Selon les informations que nous avons pu obtenir, la notion de justice qui influence les projets de consolidation de la paix serait le résultat des comportements opportunistes et destructeurs des populations en détresse ainsi que des besoins exhibés de celles-ci. Peut-on dire que les professionnels œuvrant dans l’aide internationale se voient obligés d’adopter une mentalité anthropocentrique ainsi que des stratégies axées sur les besoins humains pour pouvoir protéger l’environnement ? Cela reste à vérifier, car notre analyse ne nous permet pas d’y répondre. En revanche, la conscientisation publique par rapport à la destruction des écosystèmes et surtout la quasi-certitude scientifique de l’existence du changement climatique oblige les parties prenantes à s’intéresser aux questions environnementales. En revanche, la théorie du constructivisme social nous apprend que la gestion des ressources naturelles ainsi que la gouvernance environnementale sont des processus déterminés par les interactions sociales (ex. Hannigan, 1995), qui, selon nos données, demande de trouver des solutions aboutissant à un consensus collectif où toutes les parties y gagnent. De plus, l’existence d’un réel danger écologique à l’échelle globale (Hannigan, 1995) oblige l’intégration de mesures de protection de la nature dans la recherche de solutions. Par conséquent, le défi consisterait à trouver des solutions pour que les trois axes du développement durable soient gagnants, c’est-à-dire le système économique, l’écosystème et la population.

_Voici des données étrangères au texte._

(* Let $k\ge l\ge0$ and $H\in\mathcal{H}_{k,l}(\mathbb{R}^{2m},\mathbb{C})$. For all integers $i,j\ge0$, $$S_x^jC^iS_u^jH=j!\,(k-l-j+1)^{(j)}\,\frac{(l+\frac m2-1)^{(j)}}{(l+i+\frac m2-1)^{(j)}}\,C^iH.$$
   Context: Fix an integer $m>4$. For $x,u\in\mathbb{R}^m$ let $\mathcal{P}_{p,q}(\mathbb{R}^{2m},\mathbb{C})$ be complex polynomials of degree $p$ in $x$ and $q$ in $u$. Write $|x|^2=\sum x_j^2$, $\langle u,x\rangle=\sum u_jx_j$, $\Delta_x=\sum\partial_{x_j}^2$, $\Delta_u=\sum\partial_{u_j}^2$, $\langle\partial_u,\partial_x\rangle=\sum\partial_{u_j}\partial_{x_j}$, $\langle x,\partial_u\rangle=\sum x_j\partial_{u_j}$, $\langle u,\partial_x\rangle=\sum u_j\partial_{x_j}$, $\ker(D_1,\dots,D_r)=\bigcap\ker D_i$. Every $P\in\mathcal{P}_{p,q}$ is uniquely $\sum_{a,b\ge0}|x|^{2a}|u|^{2b}H'_{p-2a,q-2b}$ with $H'_{p-2a,q-2b}\in\mathcal{P}_{p-2a,q-2b}\cap\ker(\Delta_x,\Delta_u)$; $\pi_{\mathfrak{s}}P:=H'_{p,q}$. On $\ker(\Delta_x,\Delta_u)$: $S_x=\pi_{\mathfrak{s}}\langle x,\partial_u\rangle$, $S_u=\pi_{\mathfrak{s}}\langle u,\partial_x\rangle$, $C=\pi_{\mathfrak{s}}\langle u,x\rangle$. For $k\ge l\ge0$, $\mathcal{H}_{k,l}=\mathcal{P}_{k,l}\cap\ker(\Delta_x,\Delta_u,\langle\partial_u,\partial_x\rangle,\langle x,\partial_u\rangle)$. Upper factorial: $\alpha^{(j)}=\alpha(\alpha+1)\cdots(\alpha+j-1)$, $\alpha^{(0)}=1$. *)

theory Defs
  imports Complex_Main "HOL-Library.Poly_Mapping"
begin

text \<open>Variables are encoded as Inl j (for x_j) and Inr j (for u_j), j < m.\<close>

type_synonym var = "nat + nat"
type_synonym mono = "var \<Rightarrow>\<^sub>0 nat"
type_synonym cpoly = "mono \<Rightarrow>\<^sub>0 complex"

definition var_idx :: "var \<Rightarrow> nat" where
  "var_idx v = (case v of Inl j \<Rightarrow> j | Inr j \<Rightarrow> j)"

definition pvar :: "var \<Rightarrow> cpoly" where
  "pvar v = Poly_Mapping.single (Poly_Mapping.single v 1) 1"

definition pconst :: "complex \<Rightarrow> cpoly" where
  "pconst c = Poly_Mapping.single 0 c"

definition pd :: "var \<Rightarrow> cpoly \<Rightarrow> cpoly" where
  "pd v P = (\<Sum>a\<in>Poly_Mapping.keys P.
      Poly_Mapping.single (a - Poly_Mapping.single v 1)
        (of_nat (Poly_Mapping.lookup a v) * Poly_Mapping.lookup P a))"

definition degx :: "nat \<Rightarrow> mono \<Rightarrow> nat" where
  "degx m a = (\<Sum>j<m. Poly_Mapping.lookup a (Inl j))"

definition degu :: "nat \<Rightarrow> mono \<Rightarrow> nat" where
  "degu m a = (\<Sum>j<m. Poly_Mapping.lookup a (Inr j))"

definition Ppq :: "nat \<Rightarrow> nat \<Rightarrow> nat \<Rightarrow> cpoly set" where
  "Ppq m p q = {P. \<forall>a\<in>Poly_Mapping.keys P.
       (\<forall>v\<in>Poly_Mapping.keys a. var_idx v < m) \<and> degx m a = p \<and> degu m a = q}"

definition normx2 :: "nat \<Rightarrow> cpoly" where
  "normx2 m = (\<Sum>j<m. pvar (Inl j) * pvar (Inl j))"

definition normu2 :: "nat \<Rightarrow> cpoly" where
  "normu2 m = (\<Sum>j<m. pvar (Inr j) * pvar (Inr j))"

definition ux :: "nat \<Rightarrow> cpoly" where
  "ux m = (\<Sum>j<m. pvar (Inr j) * pvar (Inl j))"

En ce qui concerne la privatisation des ressources naturelles, notamment de l’eau, certains rapportent qu’elle permet, le cas échéant, la protection de l’environnement. Cependant, les solutions plus intéressantes parlent du partenariat entre le public et le privé, c’est-à-dire que les ressources sont possédées par le public (les gouvernements et les municipalités), tandis que la gestion et le maintien sont pris en charge par le privé. Il est donc possible de faire un parallèle avec nos résultats des sections précédentes par rapport au potentiel de l’intégration citoyenne

aux opérations de consolidation de la paix. Le concept du public-privé s’avère ainsi opportun pour réduire l’injustice environnementale à condition que les communautés participent au processus de décision et de contrôle. D’ailleurs, la population se verra bénéficier d’une quantité et qualité de l’eau plus haute, grâce à la capacité du privé à assurer une meilleure gestion et protection environnementale. La surveillance du public en revanche aidera à pondérer les actions du privé pour les influencer de manière à ce qu’elles représentent les intérêts de la société. Comme le suggère la gouvernance nodale (Johnston & Shearing, 2003; Wood & Shearing, 2007), il faut tenir compte de l’influence du privé et du public, puisque les deux contribuent à la construction de la sécurité. Par conséquent, il se trouve qu’une structure de gouvernance permettant un partenariat entre les acteurs favoriserait l’équité et la démocratisation des régions postconflits. En effet, nous avançons que l’analyse de la gouvernance de sécurité conforme au modèle de gouvernance nodale soutiendrait ces processus. Les recherches du Food and Water Watch au contraire, montrent une image moins optimiste de la privatisation des services dans la pratique, dans la mesure où le droit fondamental à l’eau serait bafoué. Cette pratique toucherait surtout les plus pauvres qui subissent les effets d’une injustice environnementale quant à l’accès à l’eau potable et aux installations sanitaires adéquates (Food & WaterWatch, 2011). Cela dit, Ban Ki-Moon, secrétaire général des Nations unies, a déclaré que le droit fondamental d’accès à l’eau et aux services sanitaires ne signifie pas la gratuité de cette ressource ni de ses services, mais sa disponibilité et son accessibilité pour tous (Deen, 2011). Enfin, respecter le principe du droit fondamental de l’eau onusien doit être l’un des principes fondamentaux de tout projet de coopération environnementale et de gouvernance de la sécurité.